[Listed records]
lemma compact_prob_simplex: "compact (prob_simplex :: (real^'a::finite) set)"
proof -
  have "closed (prob_simplex :: (real^'a) set)"
    unfolding prob_simplex_def
    by (intro closed_Collect_conj closed_Collect_all closed_Collect_le closed_Collect_eq
          continuous_intros)
  moreover have "norm p \<le> 1" if "p \<in> prob_simplex" for p :: "real^'a"
    using that norm_le_l1_cart[of p] unfolding prob_simplex_def by simp
  ultimately show ?thesis
    unfolding compact_eq_bounded_closed bounded_iff by blast
qed

lemma closed_fun_on_compact_bdd_below:
  fixes f :: "'b::heine_borel \<Rightarrow> real"
  assumes S: "compact S" and f: "closed_fun_on S f"
  shows "bdd_below (f ` S)"
proof (rule ccontr)
  assume unbounded: "\<not> bdd_below (f ` S)"
  define F where "F n = {x\<in>S. f x \<le> - real n}" for n :: nat
  have "compact (F n)" for n
  proof -
    have "F n = S \<inter> {x\<in>S. f x \<le> - real n}" unfolding F_def by blast
    then show ?thesis using f compact_Int_closed[OF S] unfolding closed_fun_on_def by metis
  qed
  moreover have "F n \<noteq> {}" for n
  proof -
    have "\<exists>x\<in>S. f x < - real n"
      using unbounded bdd_belowI2[of S "- real n" f] by (meson not_le)
    then show ?thesis unfolding F_def by fastforce
  qed
  moreover have "F n \<subseteq> F m" if "m \<le> n" for m n
    using that unfolding F_def by auto
  ultimately obtain x where x: "x \<in> \<Inter> (range F)"
    using compact_nest[of F] by blast
  obtain n :: nat where "- f x < real n"
    using reals_Archimedean2 by blast
  moreover have "f x \<le> - real n"
    using x unfolding F_def by blast
  ultimately show False by linarith
qed

lemma abs_sum_mult_simplex_le:
  assumes "p \<in> prob_simplex"
  shows "\<bar>\<Sum>a\<in>UNIV. f a * p $ a\<bar> \<le> (\<Sum>a\<in>UNIV. \<bar>f a\<bar>)"
proof -
  have "p $ a \<le> 1" for a
    using assms member_le_sum[of a UNIV "\<lambda>b. p $ b"] unfolding prob_simplex_def by simp
  then have "\<bar>f a * p $ a\<bar> \<le> \<bar>f a\<bar>" for a
    using assms unfolding prob_simplex_def by (simp add: abs_mult mult_left_le)
  then have "(\<Sum>a\<in>UNIV. \<bar>f a * p $ a\<bar>) \<le> (\<Sum>a\<in>UNIV. \<bar>f a\<bar>)"
    by (rule sum_mono)
  then show ?thesis
    using sum_abs[of "\<lambda>a. f a * p $ a" UNIV] by linarith
qed

lemma bdd_above_neg_sum_psi_fun:
  assumes "closed_fun_on prob_simplex (h y)"
  shows "bdd_above ((\<lambda>p. - (\<Sum>t<k. psi_fun P c h \<gamma> (\<pi>s t) y p)) ` prob_simplex)"
proof -
  obtain m where m: "\<And>p. p \<in> prob_simplex \<Longrightarrow> m \<le> h y p"
    using closed_fun_on_compact_bdd_below[OF compact_prob_simplex assms]
    unfolding bdd_below_def by auto
  have "- psi_fun P c h \<gamma> \<pi> y p \<le> (\<Sum>a\<in>UNIV. \<bar>Q_fun P c h \<gamma> \<pi> y a\<bar>)
          + V_fun P c h \<gamma> \<pi> y - m + h y (\<pi> y)"
    if "p \<in> prob_simplex" for \<pi> p
    using abs_sum_mult_simplex_le[OF that, of "Q_fun P c h \<gamma> \<pi> y"] m[OF that]
    unfolding psi_fun_def by linarith
  then have "- (\<Sum>t<k. psi_fun P c h \<gamma> (\<pi>s t) y p)
      \<le> (\<Sum>t<k. (\<Sum>a\<in>UNIV. \<bar>Q_fun P c h \<gamma> (\<pi>s t) y a\<bar>)
                 + V_fun P c h \<gamma> (\<pi>s t) y - m + h y (\<pi>s t y))"
    if "p \<in> prob_simplex" for p
    using that by (simp only: sum_negf[symmetric]) (rule sum_mono)
  then show ?thesis by (rule bdd_aboveI2)
qed

lemma neg_sum_psi_fun_le_agg_gap:
  assumes "closed_fun_on prob_simplex (h y)" "p \<in> prob_simplex"
  shows "- (\<Sum>t<k. psi_fun P c h \<gamma> (\<pi>s t) y p) \<le> agg_gap P c h \<gamma> k \<pi>s y"
  unfolding agg_gap_def
  by (rule cSUP_upper[OF assms(2) bdd_above_neg_sum_psi_fun[where h = h, OF assms(1)]])

lemma sum_value_gap_le_occupancy_agg_gap:
  assumes mdp: "is_mdp P \<gamma>"
    and h_closed: "\<forall>x. closed_fun_on prob_simplex (h x)"
    and \<pi>': "is_policy \<pi>'"
  shows "(\<Sum>t<k. V_fun P c h \<gamma> (\<pi>s t) x - V_fun P c h \<gamma> \<pi>' x)
    \<le> (\<Sum>y\<in>UNIV. occupancy P \<pi>' \<gamma> x y * agg_gap P c h \<gamma> k \<pi>s y)"
proof -
  let ?d = "occupancy P \<pi>' \<gamma> x"
  have "(\<Sum>t<k. V_fun P c h \<gamma> (\<pi>s t) x - V_fun P c h \<gamma> \<pi>' x)
      = (\<Sum>t<k. \<Sum>y\<in>UNIV. ?d y * - psi_fun P c h \<gamma> (\<pi>s t) y (\<pi>' y))"
  proof (rule sum.cong[OF refl])
    fix t
    show "V_fun P c h \<gamma> (\<pi>s t) x - V_fun P c h \<gamma> \<pi>' x
        = (\<Sum>y\<in>UNIV. ?d y * - psi_fun P c h \<gamma> (\<pi>s t) y (\<pi>' y))"
      using performance_difference[OF mdp \<pi>', of c h x "\<pi>s t"] by (simp add: sum_negf)
  qed
  also have "\<dots> = (\<Sum>y\<in>UNIV. ?d y * - (\<Sum>t<k. psi_fun P c h \<gamma> (\<pi>s t) y (\<pi>' y)))"
    by (simp only: sum_negf[symmetric] sum_distrib_left) (rule sum.swap)
  also have "\<dots> \<le> (\<Sum>y\<in>UNIV. ?d y * agg_gap P c h \<gamma> k \<pi>s y)"
    using h_closed \<pi>' occupancy_nonneg[OF mdp \<pi>']
    by (intro sum_mono mult_left_mono neg_sum_psi_fun_le_agg_gap) (auto simp: is_policy_def)
  finally show ?thesis .
qed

[How to complete this task]
The response should be the listing above, limited to the lines between the one holding "using unbounded bdd_belowI2[of" and the one holding "using compact_nest[of F] by blast", inclusive, reproduced exactly.

[Written reply]
      using unbounded bdd_belowI2[of S "- real n" f] by (meson not_le)
    then show ?thesis unfolding F_def by fastforce
  qed
  moreover have "F n \<subseteq> F m" if "m \<le> n" for m n
    using that unfolding F_def by auto
  ultimately obtain x where x: "x \<in> \<Inter> (range F)"
    using compact_nest[of F] by blast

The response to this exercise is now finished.